Counseling Women about Teratogenic Risks

In one study, women exposed to nonteratogenic drugs who sought counseling estimated, on average, that they had a 25 percent risk of major malformations, which is in the range of the teratogenic risk associated with thalidomide. After counseling, this estimate was substantially reduced, thereby preventing numerous terminations of otherwise wanted pregnancies. The same women correctly estimated the risk of major malformations in the general population (5 percent), indicating that the high risk they assigned to their own pregnancies was not due to a misunderstanding of the concept of base-line risk.

What are the sources of this misperception? Numerous lay publications misinform women by assigning risks to drugs not known to be teratogenic in humans. Women often report that their physicians have encouraged them to terminate otherwise wanted pregnancies just to be on the safe side, suggesting that many physicians are unfamiliar with the current literature on the safety of drugs taken during pregnancy.

Physicians counseling women who are pregnant or are planning a pregnancy should make sure that they understand clearly the nature and magnitude of a risk associated with a drug. Women’s attitudes toward voluntary abortion differ. In addition, the same information about the nature and magnitude of a teratogenic risk may prompt different decisions by different women, according to the clinical situation and specific circumstances. For example, women with epilepsy that has been treated effectively with phenytoin since their childhood may be glad to hear that although the drug is teratogenic, the overall risk of malformations is not high.
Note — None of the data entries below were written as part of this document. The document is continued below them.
text \<open>Both examples use the filtration by vertex colours, in which an edge enters at the larger
  colour of its endpoints; all graphs involved are forests, so only \<open>H\<^sub>0\<close> is nonzero.
  Forward persistence sees only sublevel sets: two isolated points, and two points to which an edge
  to a new vertex of colour 1 is attached later, both carry two \<open>H\<^sub>0\<close> classes born at 0
  that never die.  Backward persistence collapses the top intermediate complex first: for the two
  points this merges the components at once, whereas collapsing the new edge of the second graph
  leaves two components.  Dually, a point and the path 0--2--1 with middle vertex of colour 1
  become a single point after one backward step, but forward the path starts as two points
  that merge at level 1.\<close>

section \<open>Chains with coefficients in \<open>\<int>/2\<close>\<close>

lemma vector_space_fscale: "vector_space (fscale :: bit \<Rightarrow> ('a \<Rightarrow> bit) \<Rightarrow> ('a \<Rightarrow> bit))"
  by unfold_locales
     (simp_all only: fscale_def plus_fun_def distrib_left distrib_right mult.assoc mult_1_left)

interpretation FV: vector_space "fscale :: bit \<Rightarrow> ('a \<Rightarrow> bit) \<Rightarrow> ('a \<Rightarrow> bit)"
  by (rule vector_space_fscale)

definition supported_on :: "'a set \<Rightarrow> ('a \<Rightarrow> bit) set" where
  "supported_on T = {c. \<forall>x. x \<notin> T \<longrightarrow> c x = 0}"

lemma sum_apply: "(sum f S) x = (\<Sum>v\<in>S. f v x)"
  by (induction S rule: infinite_finite_induct) auto

lemma subspace_supported_on: "FV.subspace (supported_on T)"
  unfolding FV.subspace_def supported_on_def fscale_def by auto

lemma expansion_in_indicators:
  assumes "finite T" "c \<in> supported_on T"
  shows "c = (\<Sum>t\<in>T. fscale (c t) (indicator {t}))"
proof
  fix x
  have "(\<Sum>t\<in>T. fscale (c t) (indicator {t})) x = (\<Sum>t\<in>T. if t = x then c t else 0)"
    by (auto simp: sum_apply fscale_def indicator_def intro: sum.cong)
  also have "\<dots> = c x" using assms by (auto simp: supported_on_def)
  finally show "c x = (\<Sum>t\<in>T. fscale (c t) (indicator {t})) x" by simp
qed

lemma span_indicators:
  assumes "finite T" shows "FV.span ((\<lambda>t. indicator {t}) ` T) = supported_on T"
proof
  show "FV.span ((\<lambda>t. indicator {t}) ` T) \<subseteq> supported_on T"
    by (rule FV.span_minimal[OF _ subspace_supported_on]) (auto simp: supported_on_def indicator_def)
  show "supported_on T \<subseteq> FV.span ((\<lambda>t. indicator {t}) ` T)"
  proof
    fix c assume "c \<in> supported_on T"
    then have "c = (\<Sum>t\<in>T. fscale (c t) (indicator {t}))"
      by (rule expansion_in_indicators[OF assms])
    also have "\<dots> \<in> FV.span ((\<lambda>t. indicator {t}) ` T)"
      by (intro FV.span_sum FV.span_scale FV.span_base) auto
    finally show "c \<in> FV.span ((\<lambda>t. indicator {t}) ` T)" .
  qed
qed

lemma independent_indicators: "FV.independent ((\<lambda>t. indicator {t} :: 'a \<Rightarrow> bit) ` T)"
proof (unfold FV.independent_explicit_module, intro allI impI)
  fix S u v assume fin: "finite S" and sub: "S \<subseteq> (\<lambda>t. indicator {t}) ` T"
    and zero: "(\<Sum>w\<in>S. fscale (u w) w) = 0" and v: "v \<in> S"
  obtain s where s: "v = indicator {s}" "s \<in> T" using v sub by auto
  have "fscale (u w) w s = (if w = v then u w else 0)" if "w \<in> S" for w
    using that sub s by (auto simp: fscale_def indicator_def fun_eq_iff)
  then have "(\<Sum>w\<in>S. fscale (u w) w) s = (\<Sum>w\<in>S. if w = v then u w else 0)"
    unfolding sum_apply by (rule sum.cong[OF refl])
  then have "0 = (\<Sum>w\<in>S. if w = v then u w else 0)"
    using zero by simp
  also have "\<dots> = u v" using fin v by simp
  finally show "u v = 0" by simp
qed

lemma dim_eq_card_if_span_supported_on:
  assumes "finite T" "FV.span S = supported_on T" shows "fdim S = card T"
proof -
  have "fdim S = fdim (FV.span ((\<lambda>t. indicator {t}) ` T))"
    using assms span_indicators by (metis FV.dim_span)
  also have "\<dots> = card ((\<lambda>t. indicator {t} :: 'a \<Rightarrow> bit) ` T)"
    by (rule FV.dim_span_eq_card_independent[OF independent_indicators])
  also have "\<dots> = card T"
    by (rule card_image) (auto simp: inj_on_def indicator_def fun_eq_iff split: if_splits)
  finally show ?thesis .
qed

lemma span_eq_supported_on:
  assumes "finite T" "(\<lambda>t. indicator {t}) ` T \<subseteq> FV.span S" "S \<subseteq> supported_on T"
  shows "FV.span S = supported_on T"
proof
  show "FV.span S \<subseteq> supported_on T"
    using assms(3) by (rule FV.span_minimal[OF _ subspace_supported_on])
  show "supported_on T \<subseteq> FV.span S"
    using span_indicators[OF assms(1)] FV.span_mono[OF assms(2)] by (simp add: FV.span_span)
qed

lemma dim_singleton_zero: "fdim {0} = 0"
  by (metis FV.dim_span_eq_card_independent FV.independent_empty FV.span_empty card.empty)

section \<open>Ranks of induced maps in homology\<close>

definition cell_image :: "space \<Rightarrow> nat option \<Rightarrow> nat option" where
  "cell_image Y x = (case x of None \<Rightarrow> None | Some v \<Rightarrow> cproj Y v)"

lemma C0_eq: "C0 X = supported_on (cells0 X)"
  by (simp add: C0_def supported_on_def)

lemma C1_eq: "C1 X = supported_on (cells1 X)"
  by (simp add: C1_def supported_on_def)

lemma cmap0_indicator:
  assumes "finite (cells0 X)" "x \<in> cells0 X"
  shows "cmap0 X Y (indicator {x}) = indicator {cell_image Y x}"
proof
  fix y
  have "cmap0 X Y (indicator {x}) y =
      (\<Sum>x'\<in>cells0 X. if x' = x then indicator {cell_image Y x} y else 0)"
    unfolding cmap0_def cell_image_def by (rule sum.cong) (auto simp: indicator_def)
  also have "\<dots> = indicator {cell_image Y x} y"
    using assms by simp
  finally show "cmap0 X Y (indicator {x}) y = indicator {cell_image Y x} y" .
qed

lemma cmap0_supported_on_image: "cmap0 X Y c \<in> supported_on (cell_image Y ` cells0 X)"
  unfolding supported_on_def cmap0_def cell_image_def by (auto intro!: sum.neutral)

lemma indicator_cell_image_in_span:
  assumes "finite (cells0 X)" "x \<in> cells0 X"
  shows "indicator {cell_image Y x} \<in> FV.span (cmap0 X Y ` C0 X \<union> W)"
proof -
  have "indicator {x} \<in> C0 X"
    using assms(2) by (auto simp: C0_eq supported_on_def indicator_def)
  then show ?thesis
    using cmap0_indicator[OF assms, of Y] by (metis FV.span_base UnI1 imageI)
qed

lemma linear_bdry: "Vector_Spaces.linear fscale fscale (bdry G Y)"
  unfolding Vector_Spaces.linear_iff
  by (simp only: vector_space_fscale bdry_def fscale_def plus_fun_def distrib_right sum.distrib
      sum_distrib_left mult.assoc simp_thms all_simps)

lemma bdry_indicator:
  assumes "finite (cells1 Y)" "e \<in> cells1 Y"
  shows "bdry G Y (indicator {e}) =
    indicator {cproj Y (fst (ends G e))} + indicator {cproj Y (snd (ends G e))}"
proof
  fix y
  have "bdry G Y (indicator {e}) y = (\<Sum>e'\<in>cells1 Y. if e' = e then
      (indicator {cproj Y (fst (ends G e))} + indicator {cproj Y (snd (ends G e))}) y else 0)"
    unfolding bdry_def by (rule sum.cong) (auto simp: indicator_def)
  also have "\<dots> = (indicator {cproj Y (fst (ends G e))} + indicator {cproj Y (snd (ends G e))}) y"
    using assms by simp
  finally show "bdry G Y (indicator {e}) y =
    (indicator {cproj Y (fst (ends G e))} + indicator {cproj Y (snd (ends G e))}) y" .
qed

lemma indicator_endpoints_in_span_iff:
  assumes "finite (cells1 Y)" "e \<in> cells1 Y" "B0 G Y \<subseteq> W"
  shows "indicator {cproj Y (fst (ends G e))} \<in> FV.span W \<longleftrightarrow>
         indicator {cproj Y (snd (ends G e))} \<in> FV.span W"
proof -
  let ?a = "indicator {cproj Y (fst (ends G e))} :: nat option \<Rightarrow> bit"
  let ?b = "indicator {cproj Y (snd (ends G e))} :: nat option \<Rightarrow> bit"
  have "indicator {e} \<in> C1 Y"
    using assms(2) by (auto simp: C1_eq supported_on_def indicator_def)
  then have "bdry G Y (indicator {e}) \<in> W"
    using assms(3) by (auto simp: B0_def)
  then have bd: "?a + ?b \<in> FV.span W"
    using bdry_indicator[OF assms(1,2)] by (simp add: FV.span_base)
  have "?b = (?a + ?b) + ?a" "?a = (?a + ?b) + ?b"
    by (auto simp: fun_eq_iff indicator_def)
  then show ?thesis
    using FV.span_add[OF bd] by metis
qed

lemma B0_no_edges: "cells1 Y = {} \<Longrightarrow> B0 G Y = {0}"
  by (auto simp: B0_def C1_eq supported_on_def bdry_def fun_eq_iff)

lemma Z1_no_edges: "cells1 Y = {} \<Longrightarrow> Z1 G Y = {0}"
  by (auto simp: Z1_def C1_eq supported_on_def bdry_def fun_eq_iff)

lemma hrank0_no_edges:
  assumes "finite (cells0 X)" "cells1 Y = {}"
  shows "hrank G 0 X Y = card (cell_image Y ` cells0 X)"
proof -
  have fin: "finite (cell_image Y ` cells0 X)"
    using assms(1) by simp
  have "FV.span (cmap0 X Y ` C0 X \<union> {0}) = supported_on (cell_image Y ` cells0 X)"
  proof (rule span_eq_supported_on[OF fin])
    show "(\<lambda>y. indicator {y}) ` cell_image Y ` cells0 X \<subseteq>
        FV.span (cmap0 X Y ` C0 X \<union> {0})"
      by (blast intro: indicator_cell_image_in_span[OF assms(1)])
    have "{0} \<subseteq> supported_on (cell_image Y ` cells0 X)"
      by (simp add: supported_on_def)
    then show "cmap0 X Y ` C0 X \<union> {0} \<subseteq> supported_on (cell_image Y ` cells0 X)"
      using cmap0_supported_on_image by blast
  qed
  then show ?thesis
    using dim_eq_card_if_span_supported_on[OF fin] B0_no_edges[OF assms(2)]
    by (simp add: hrank_def dim_singleton_zero)
qed

lemma hrank_of_acyclic_source:
  assumes "Z1 G X = {0}" "hrank G 0 X Y = n"
  shows "hrank G k X Y = (if k = 0 then n else 0)"
proof -
  have "cmap1 X Y ` Z1 G X = {0}"
    using assms(1) by (simp add: cmap1_def fun_eq_iff)
  then show ?thesis
    using assms(2) by (simp add: hrank_def dim_singleton_zero)
qed

text \<open>An edge with a private vertex, i.e.\ one that no other edge touches, cannot lie on a cycle.\<close>
lemma Z1_trivial_if_private_vertices:
  assumes fin: "finite (cells1 Y)"
    and private_vertex: "\<And>e e'. e \<in> cells1 Y \<Longrightarrow> e' \<in> cells1 Y \<Longrightarrow>
      bdry G Y (indicator {e'}) (p e) = (if e' = e then 1 else 0)"
  shows "Z1 G Y = {0}"
proof -
  interpret bd: Vector_Spaces.linear fscale fscale "bdry G Y"
    by (rule linear_bdry)
  have "c = 0" if c: "c \<in> Z1 G Y" for c
  proof
    fix e
    show "c e = 0 e"
    proof (cases "e \<in> cells1 Y")
      case True
      have supp: "c \<in> supported_on (cells1 Y)"
        using c by (simp add: Z1_def C1_eq)
      have "0 = bdry G Y c (p e)"
        using c by (simp add: Z1_def)
      also have "\<dots> = (\<Sum>e'\<in>cells1 Y. c e' * bdry G Y (indicator {e'}) (p e))"
        by (subst expansion_in_indicators[OF fin supp])
           (simp only: bd.sum bd.scale, simp only: sum_apply fscale_def)
      also have "\<dots> = (\<Sum>e'\<in>cells1 Y. if e' = e then c e' else 0)"
        by (rule sum.cong) (simp_all add: private_vertex[OF True] del: mult_bit_eq_and)
      also have "\<dots> = c e"
        using True fin by simp
      finally show ?thesis by simp
    qed (use c in \<open>simp add: Z1_def C1_def\<close>)
  qed
  then show ?thesis
    by (auto simp: Z1_def C1_def bd.zero)
qed

lemma dim_B0_of_acyclic:
  assumes fin: "finite (cells1 Y)" and acyclic: "Z1 G Y = {0}"
  shows "fdim (B0 G Y) = card (cells1 Y)"
proof -
  interpret bd: Vector_Spaces.linear fscale fscale "bdry G Y"
    by (rule linear_bdry)
  let ?E = "(\<lambda>e. indicator {e}) ` cells1 Y :: (nat \<Rightarrow> bit) set"
  have span_E: "FV.span ?E = C1 Y"
    by (simp add: span_indicators[OF fin] C1_eq)
  have inj: "inj_on (bdry G Y) (FV.span ?E)"
    unfolding span_E bd.inj_on_iff_eq_0[OF subspace_supported_on[of "cells1 Y"], folded C1_eq]
    using acyclic by (auto simp: Z1_def zero_fun_def)
  have "fdim (B0 G Y) = fdim (FV.span (bdry G Y ` ?E))"
    by (simp add: B0_def bd.span_image span_E[symmetric])
  also have "\<dots> = card (bdry G Y ` ?E)"
    by (rule FV.dim_span_eq_card_independent)
       (rule bd.independent_injective_image[OF independent_indicators inj])
  also have "\<dots> = card ?E"
    using inj by (simp add: card_image inj_on_subset FV.span_superset)
  also have "\<dots> = card (cells1 Y)"
    by (rule card_image) (auto simp: inj_on_def indicator_def fun_eq_iff split: if_splits)
  finally show ?thesis .
qed

lemma indicators_in_span_if_adjacent_to_image:
  assumes "finite (cells0 X)" "finite (cells1 Y)"
    and adjacent: "\<And>y. y \<in> cells0 Y \<Longrightarrow> y \<in> cell_image Y ` cells0 X \<or>
      (\<exists>e\<in>cells1 Y. cproj Y (fst (ends G e)) \<in> cell_image Y ` cells0 X \<and>
         cproj Y (snd (ends G e)) = y)"
  shows "(\<lambda>y. indicator {y}) ` cells0 Y \<subseteq> FV.span (cmap0 X Y ` C0 X \<union> B0 G Y)"
proof clarify
  fix y assume "y \<in> cells0 Y"
  then consider "y \<in> cell_image Y ` cells0 X"
    | e where "e \<in> cells1 Y" "cproj Y (fst (ends G e)) \<in> cell_image Y ` cells0 X"
        "cproj Y (snd (ends G e)) = y"
    using adjacent by blast
  then show "indicator {y} \<in> FV.span (cmap0 X Y ` C0 X \<union> B0 G Y)"
  proof cases
    case 1
    then show ?thesis
      using indicator_cell_image_in_span[OF assms(1)] by blast
  next
    case 2
    obtain x where "x \<in> cells0 X" "cproj Y (fst (ends G e)) = cell_image Y x"
      using 2(2) by blast
    then have "indicator {cproj Y (fst (ends G e))} \<in> FV.span (cmap0 X Y ` C0 X \<union> B0 G Y)"
      using indicator_cell_image_in_span[OF assms(1)] by simp
    then show ?thesis
      using indicator_endpoints_in_span_iff[OF assms(2) 2(1) Un_upper2] 2(3) by simp
  qed
qed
In contrast, women who have been treated with phenytoin for a single grand mal seizure and who have normal children born before phenytoin was prescribed may find it unacceptable to continue an unplanned pregnancy after learning about the higher-than-normal risk of adverse effects.

During counseling, it is important to ensure that a woman understands the concept of base-line teratogenic risk and the fetal or perinatal risks, if any, associated with her medical condition. For example, a woman with manic depression treated with lithium in the first trimester will need to understand not only the slightly increased risk of fetal cardiac anomalies associated with the drug (less than 1 percent) but also the increased genetic risk of manic depression in her child. The counselor should be sure to communicate the same information to the woman’s physician so that she does not receive conflicting advice.
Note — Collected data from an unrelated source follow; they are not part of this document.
lemma dist_edge_le: "simple_graph V E \<Longrightarrow> E u v \<Longrightarrow> dist V E u v \<le> 1"
  using dist_le_length[of V E "[u, v]"] by (auto simp: walk_def nth_Cons' dest: simple_graph_edgeD)

lemma dist_sym:
  assumes "simple_graph V E"
  shows "dist V E u v = dist V E v u"
proof -
  have rev_walk: "\<exists>ys. walk V E ys \<and> hd ys = v \<and> last ys = u \<and> length ys = n + 1"
    if "walk V E xs" "hd xs = u" "last xs = v" "length xs = n + 1" for xs u v n
    using that walk_rev[OF assms] by (intro exI[of _ "rev xs"]) (auto simp: hd_rev last_rev)
  have "(\<lambda>n. \<exists>xs. walk V E xs \<and> hd xs = u \<and> last xs = v \<and> length xs = n + 1) =
        (\<lambda>n. \<exists>xs. walk V E xs \<and> hd xs = v \<and> last xs = u \<and> length xs = n + 1)"
    by (intro ext iffI) (elim exE conjE, rule rev_walk; assumption)+
  then show ?thesis
    unfolding dist_def by (rule arg_cong)
qed

lemma geodesic_walk: "geodesic V E xs \<Longrightarrow> walk V E xs"
  unfolding geodesic_def by blast

lemma geodetic_simple_graph: "geodetic V E \<Longrightarrow> simple_graph V E"
  unfolding geodetic_def by blast

lemma geodetic_obtain_shortest_walk:
  assumes "geodetic V E" "u \<in> V" "v \<in> V"
  obtains xs where "walk V E xs" "hd xs = u" "last xs = v" "length xs = dist V E u v + 1"
  using assms unfolding geodetic_def geodesic_def by metis

lemma geodetic_geodesic_unique:
  assumes "geodetic V E" "geodesic V E xs" "geodesic V E ys" "hd xs = hd ys" "last xs = last ys"
  shows "xs = ys"
proof -
  have "hd xs \<in> V" "last xs \<in> V"
    using assms(2) unfolding geodesic_def walk_def by auto
  then show ?thesis
    using assms unfolding geodetic_def by metis
qed

lemma dist_triangle:
  assumes G: "geodetic V E" and in_V: "u \<in> V" "v \<in> V" "w \<in> V"
  shows "dist V E u w \<le> dist V E u v + dist V E v w"
proof -
  obtain xs where xs: "walk V E xs" "hd xs = u" "last xs = v" "length xs = dist V E u v + 1"
    using geodetic_obtain_shortest_walk[OF G in_V(1,2)] .
  obtain ys where ys: "walk V E ys" "hd ys = v" "last ys = w" "length ys = dist V E v w + 1"
    using geodetic_obtain_shortest_walk[OF G in_V(2,3)] .
  have "walk V E (xs @ tl ys)"
    using walk_append_shared[OF xs(1) ys(1)] xs(3) ys(2) by simp
  moreover have "hd (xs @ tl ys) = u" "last (xs @ tl ys) = w"
    using xs ys by (auto simp: walk_def last_append_tl)
  ultimately have "dist V E u w \<le> length (xs @ tl ys) - 1"
    by (rule dist_le_length)
  then show ?thesis
    using xs ys by (simp add: walk_def)
qed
To receive up-to-date, evidence-based information on the safety and risk of drugs during pregnancy, physicians can consult a teratogen-information service.

The FDA Classification of Teratogenicity

To guide physicians in the interpretation of the teratogenic risk associated with prescription drugs, the FDA has established a system that classifies drugs on the basis of data from humans and animals, ranging from class A drugs, which are designated as safe for use during pregnancy, to class X drugs, which are contraindicated during pregnancy because of proven teratogenicity. This system has resulted in ambiguous statements that may be difficult to interpret and use for counseling and that can cause anxiety among women. In addition, the classification is often not changed when new data become available. For example, until recently, combined oral contraceptives were classified as class X drugs. Yet meta-analyses revealed that these combinations of estrogen and progestin were not associated with an increased risk of major malformations, in general, or genitourinary malformations, in particular. Each year, thousands of women become pregnant while taking these contraceptive hormones because of noncompliance or less-than-perfect efficacy, and their fetuses are exposed to the drugs during embryogenesis. In a similar fashion, tricyclic antidepressant drugs are classified as D (“positive evidence of human fetal risk”), even though no such evidence exists and the available data suggest that these drugs are safe. The Teratology Society has proposed that the FDA abandon the current classification system in favor of more meaningful, evidence-based, narrative statements. At an FDA hearing held on September 15, 1997, this proposal received public support. Other countries (e.g., Sweden, Australia, the Netherlands, Switzerland, and Denmark) have different classification systems, although all are based on a hierarchy of estimated fetal risk.